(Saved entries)
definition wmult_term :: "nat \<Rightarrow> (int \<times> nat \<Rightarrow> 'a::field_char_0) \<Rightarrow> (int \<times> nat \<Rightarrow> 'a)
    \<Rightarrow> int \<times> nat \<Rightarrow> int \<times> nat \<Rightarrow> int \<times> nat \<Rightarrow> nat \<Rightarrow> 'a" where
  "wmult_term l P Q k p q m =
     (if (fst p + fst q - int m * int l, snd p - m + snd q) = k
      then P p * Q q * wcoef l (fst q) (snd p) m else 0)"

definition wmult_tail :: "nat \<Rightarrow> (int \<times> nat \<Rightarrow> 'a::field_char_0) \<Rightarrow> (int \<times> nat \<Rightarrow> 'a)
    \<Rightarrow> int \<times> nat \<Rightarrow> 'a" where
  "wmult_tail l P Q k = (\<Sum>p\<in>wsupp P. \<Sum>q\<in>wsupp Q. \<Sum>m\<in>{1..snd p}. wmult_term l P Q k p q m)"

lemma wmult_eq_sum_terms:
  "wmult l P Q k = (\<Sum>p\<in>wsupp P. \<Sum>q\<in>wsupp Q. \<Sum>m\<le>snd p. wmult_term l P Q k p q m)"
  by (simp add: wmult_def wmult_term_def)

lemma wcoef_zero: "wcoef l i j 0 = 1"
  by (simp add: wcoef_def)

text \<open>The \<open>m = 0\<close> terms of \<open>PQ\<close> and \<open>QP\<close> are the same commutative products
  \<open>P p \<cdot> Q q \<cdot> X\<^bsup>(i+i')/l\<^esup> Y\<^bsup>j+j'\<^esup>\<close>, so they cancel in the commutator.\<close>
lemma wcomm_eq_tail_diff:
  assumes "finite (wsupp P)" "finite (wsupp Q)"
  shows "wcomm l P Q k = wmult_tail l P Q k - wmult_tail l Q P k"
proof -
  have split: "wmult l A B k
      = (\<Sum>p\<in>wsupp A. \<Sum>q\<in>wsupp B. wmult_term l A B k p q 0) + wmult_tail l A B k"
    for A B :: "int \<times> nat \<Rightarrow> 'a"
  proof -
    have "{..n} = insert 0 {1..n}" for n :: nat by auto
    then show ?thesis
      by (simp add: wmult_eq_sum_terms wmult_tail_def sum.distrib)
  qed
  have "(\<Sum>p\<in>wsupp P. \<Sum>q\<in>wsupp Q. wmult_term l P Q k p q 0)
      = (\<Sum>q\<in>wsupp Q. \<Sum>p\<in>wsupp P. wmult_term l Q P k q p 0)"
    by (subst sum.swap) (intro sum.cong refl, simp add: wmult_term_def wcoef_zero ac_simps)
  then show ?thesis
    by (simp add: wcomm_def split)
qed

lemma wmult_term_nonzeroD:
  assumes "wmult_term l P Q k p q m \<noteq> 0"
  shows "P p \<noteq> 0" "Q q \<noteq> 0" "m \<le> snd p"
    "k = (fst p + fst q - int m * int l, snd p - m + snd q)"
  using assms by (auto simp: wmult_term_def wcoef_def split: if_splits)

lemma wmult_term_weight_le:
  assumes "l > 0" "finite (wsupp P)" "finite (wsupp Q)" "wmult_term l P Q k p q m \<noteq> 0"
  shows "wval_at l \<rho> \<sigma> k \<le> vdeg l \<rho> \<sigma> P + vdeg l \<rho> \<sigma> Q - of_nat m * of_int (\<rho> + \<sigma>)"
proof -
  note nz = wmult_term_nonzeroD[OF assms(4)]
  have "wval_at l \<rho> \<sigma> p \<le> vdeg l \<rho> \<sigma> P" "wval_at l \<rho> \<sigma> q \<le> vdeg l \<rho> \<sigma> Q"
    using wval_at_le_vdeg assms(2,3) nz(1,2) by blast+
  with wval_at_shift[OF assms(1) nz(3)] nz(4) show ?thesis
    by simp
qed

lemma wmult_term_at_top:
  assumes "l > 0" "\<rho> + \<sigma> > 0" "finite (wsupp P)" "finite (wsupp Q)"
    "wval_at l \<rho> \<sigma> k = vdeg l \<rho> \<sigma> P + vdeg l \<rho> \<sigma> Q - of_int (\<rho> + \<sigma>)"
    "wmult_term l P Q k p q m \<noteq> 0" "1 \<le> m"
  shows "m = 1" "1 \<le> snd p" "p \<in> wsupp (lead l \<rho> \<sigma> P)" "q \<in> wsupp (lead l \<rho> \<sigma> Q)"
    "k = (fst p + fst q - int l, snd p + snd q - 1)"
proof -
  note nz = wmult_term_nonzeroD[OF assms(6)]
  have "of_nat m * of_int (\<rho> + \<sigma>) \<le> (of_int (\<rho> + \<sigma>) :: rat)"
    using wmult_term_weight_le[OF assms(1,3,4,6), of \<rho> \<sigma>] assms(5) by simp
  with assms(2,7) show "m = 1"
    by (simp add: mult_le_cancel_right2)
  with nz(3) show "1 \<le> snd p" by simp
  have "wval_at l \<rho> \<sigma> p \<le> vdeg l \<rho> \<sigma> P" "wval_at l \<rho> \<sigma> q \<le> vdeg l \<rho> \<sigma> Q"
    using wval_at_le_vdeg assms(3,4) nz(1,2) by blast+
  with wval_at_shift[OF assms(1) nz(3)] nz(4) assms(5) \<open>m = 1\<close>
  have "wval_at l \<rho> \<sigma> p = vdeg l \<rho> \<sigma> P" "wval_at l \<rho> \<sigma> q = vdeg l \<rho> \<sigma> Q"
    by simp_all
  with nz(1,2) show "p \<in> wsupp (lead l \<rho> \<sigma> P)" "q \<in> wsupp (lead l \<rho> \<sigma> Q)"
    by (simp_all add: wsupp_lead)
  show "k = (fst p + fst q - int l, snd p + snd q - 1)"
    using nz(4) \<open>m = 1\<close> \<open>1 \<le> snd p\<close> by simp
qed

### WORK INSTRUCTION
Copy every line above that holds the word "open".

### EXERCISE SOLUTION
text \<open>The \<open>m = 0\<close> terms of \<open>PQ\<close> and \<open>QP\<close> are the same commutative products
  \<open>P p \<cdot> Q q \<cdot> X\<^bsup>(i+i')/l\<^esup> Y\<^bsup>j+j'\<^esup>\<close>, so they cancel in the commutator.\<close>
  with wval_at_shift[OF assms(1) nz(3)] nz(4) assms(5) \<open>m = 1\<close>
    using nz(4) \<open>m = 1\<close> \<open>1 \<le> snd p\<close> by simp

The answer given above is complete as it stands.